--- GIVEN RECORDS Enclosed Below ---
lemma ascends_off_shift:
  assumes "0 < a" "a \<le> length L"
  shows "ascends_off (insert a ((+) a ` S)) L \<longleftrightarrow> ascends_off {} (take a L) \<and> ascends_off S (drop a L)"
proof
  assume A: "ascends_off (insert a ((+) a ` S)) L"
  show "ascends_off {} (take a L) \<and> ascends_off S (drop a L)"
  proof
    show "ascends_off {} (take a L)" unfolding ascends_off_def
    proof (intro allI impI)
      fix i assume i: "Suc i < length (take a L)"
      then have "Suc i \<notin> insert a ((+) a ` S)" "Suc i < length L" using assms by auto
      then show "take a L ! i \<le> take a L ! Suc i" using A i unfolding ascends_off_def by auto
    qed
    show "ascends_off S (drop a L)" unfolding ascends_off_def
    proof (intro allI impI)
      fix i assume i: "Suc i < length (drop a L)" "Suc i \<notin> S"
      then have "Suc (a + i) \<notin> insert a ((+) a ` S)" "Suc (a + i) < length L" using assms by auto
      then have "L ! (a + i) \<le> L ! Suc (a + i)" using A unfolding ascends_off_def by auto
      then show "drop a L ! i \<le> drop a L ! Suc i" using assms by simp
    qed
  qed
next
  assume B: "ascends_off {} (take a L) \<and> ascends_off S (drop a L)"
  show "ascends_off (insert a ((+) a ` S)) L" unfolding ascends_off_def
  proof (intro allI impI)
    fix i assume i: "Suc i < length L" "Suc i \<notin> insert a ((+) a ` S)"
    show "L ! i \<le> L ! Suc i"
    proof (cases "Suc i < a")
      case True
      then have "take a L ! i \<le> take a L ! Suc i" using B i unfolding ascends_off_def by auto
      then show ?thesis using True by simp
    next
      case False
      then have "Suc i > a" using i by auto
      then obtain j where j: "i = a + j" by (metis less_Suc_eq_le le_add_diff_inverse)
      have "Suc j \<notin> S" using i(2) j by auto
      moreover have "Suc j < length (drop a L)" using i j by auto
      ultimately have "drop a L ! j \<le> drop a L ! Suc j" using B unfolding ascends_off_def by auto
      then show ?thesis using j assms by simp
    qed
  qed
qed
--- End of Enclosed GIVEN RECORDS ---
[PROMPT]: The full data, transcribed without change, is the expected answer.

[ANSWER TO THIS PROBLEM]:
lemma ascends_off_shift:
  assumes "0 < a" "a \<le> length L"
  shows "ascends_off (insert a ((+) a ` S)) L \<longleftrightarrow> ascends_off {} (take a L) \<and> ascends_off S (drop a L)"
proof
  assume A: "ascends_off (insert a ((+) a ` S)) L"
  show "ascends_off {} (take a L) \<and> ascends_off S (drop a L)"
  proof
    show "ascends_off {} (take a L)" unfolding ascends_off_def
    proof (intro allI impI)
      fix i assume i: "Suc i < length (take a L)"
      then have "Suc i \<notin> insert a ((+) a ` S)" "Suc i < length L" using assms by auto
      then show "take a L ! i \<le> take a L ! Suc i" using A i unfolding ascends_off_def by auto
    qed
    show "ascends_off S (drop a L)" unfolding ascends_off_def
    proof (intro allI impI)
      fix i assume i: "Suc i < length (drop a L)" "Suc i \<notin> S"
      then have "Suc (a + i) \<notin> insert a ((+) a ` S)" "Suc (a + i) < length L" using assms by auto
      then have "L ! (a + i) \<le> L ! Suc (a + i)" using A unfolding ascends_off_def by auto
      then show "drop a L ! i \<le> drop a L ! Suc i" using assms by simp
    qed
  qed
next
  assume B: "ascends_off {} (take a L) \<and> ascends_off S (drop a L)"
  show "ascends_off (insert a ((+) a ` S)) L" unfolding ascends_off_def
  proof (intro allI impI)
    fix i assume i: "Suc i < length L" "Suc i \<notin> insert a ((+) a ` S)"
    show "L ! i \<le> L ! Suc i"
    proof (cases "Suc i < a")
      case True
      then have "take a L ! i \<le> take a L ! Suc i" using B i unfolding ascends_off_def by auto
      then show ?thesis using True by simp
    next
      case False
      then have "Suc i > a" using i by auto
      then obtain j where j: "i = a + j" by (metis less_Suc_eq_le le_add_diff_inverse)
      have "Suc j \<notin> S" using i(2) j by auto
      moreover have "Suc j < length (drop a L)" using i j by auto
      ultimately have "drop a L ! j \<le> drop a L ! Suc j" using B unfolding ascends_off_def by auto
      then show ?thesis using j assms by simp
    qed
  qed
qed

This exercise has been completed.